--- GIVEN RECORDS Enclosed Below ---

theorem kbanach_bounded_functional_nonzero:
  fixes sc :: "'k::real_normed_field \<Rightarrow> 'v::banach \<Rightarrow> 'v"
  assumes "kbanach sc" and "v \<noteq> 0"
  shows "\<exists>\<psi>. bounded_functional sc \<psi> \<and> \<psi> v \<noteq> 0"
proof -
  obtain g :: "'v \<Rightarrow> real" where g: "linear g" "\<And>x. \<bar>g x\<bar> \<le> norm x" and "g v \<noteq> 0"
    using real_norming_functional[OF \<open>v \<noteq> 0\<close>] \<open>v \<noteq> 0\<close> by force
  from real_normed_field_Reals_or_complex[where 'k = 'k] show ?thesis
  proof
    assume "\<forall>c::'k. c \<in> \<real>"
    then show ?thesis using bounded_functional_of_real[OF assms(1) _ g] \<open>g v \<noteq> 0\<close> by force
  next
    assume "\<exists>j::'k. j * j = -1 \<and> (\<forall>c. \<exists>r s. c = of_real r + of_real s * j)"
    then obtain j :: 'k where "j * j = -1" "\<forall>c. \<exists>r s. c = of_real r + of_real s * j" by blast
    then show ?thesis
      using bounded_functional_complexify[OF assms(1) _ _ g] complexify_nonzero \<open>g v \<noteq> 0\<close> by blast
  qed
qed

lemma std_op_alg_linear: "std_op_alg sc A \<Longrightarrow> T \<in> A \<Longrightarrow> Vector_Spaces.linear sc sc T"
  unfolding std_op_alg_def bop_def by blast

lemma std_op_alg_id: "std_op_alg sc A \<Longrightarrow> id \<in> A"
  unfolding std_op_alg_def by blast

lemma std_op_alg_finite_rank: "std_op_alg sc A \<Longrightarrow> finite_rank sc T \<Longrightarrow> T \<in> A"
  unfolding std_op_alg_def by blast

lemma std_op_alg_scalar:
  assumes "std_op_alg sc A"
  shows "(\<lambda>x. sc c x) \<in> A"
proof -
  have "(\<lambda>x. sc c (id x)) \<in> A" using assms unfolding std_op_alg_def by blast
  then show ?thesis by simp
qed

lemma std_op_alg_zero:
  assumes "kbanach sc" and "std_op_alg sc A"
  shows "(\<lambda>x. 0) \<in> A"
proof -
  interpret vector_space sc using \<open>kbanach sc\<close> by (simp add: kbanach_def)
  show ?thesis using std_op_alg_scalar[OF \<open>std_op_alg sc A\<close>, of 0] by simp
qed

lemma inf_dim_span_neq_UNIV: "inf_dim sc \<Longrightarrow> finite F \<Longrightarrow> module.span sc F \<noteq> UNIV"
  unfolding inf_dim_def by blast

--- End of Enclosed GIVEN RECORDS ---

PROBLEM TO SOLVE:
A verbatim transcription is needed of the lines above, starting at the line with "bounded_functional sc \<psi>" and ending at the line with "-1 \<and> (\<forall>c.", both included, and of nothing else.

RESULT:
  shows "\<exists>\<psi>. bounded_functional sc \<psi> \<and> \<psi> v \<noteq> 0"
proof -
  obtain g :: "'v \<Rightarrow> real" where g: "linear g" "\<And>x. \<bar>g x\<bar> \<le> norm x" and "g v \<noteq> 0"
    using real_norming_functional[OF \<open>v \<noteq> 0\<close>] \<open>v \<noteq> 0\<close> by force
  from real_normed_field_Reals_or_complex[where 'k = 'k] show ?thesis
  proof
    assume "\<forall>c::'k. c \<in> \<real>"
    then show ?thesis using bounded_functional_of_real[OF assms(1) _ g] \<open>g v \<noteq> 0\<close> by force
  next
    assume "\<exists>j::'k. j * j = -1 \<and> (\<forall>c. \<exists>r s. c = of_real r + of_real s * j)"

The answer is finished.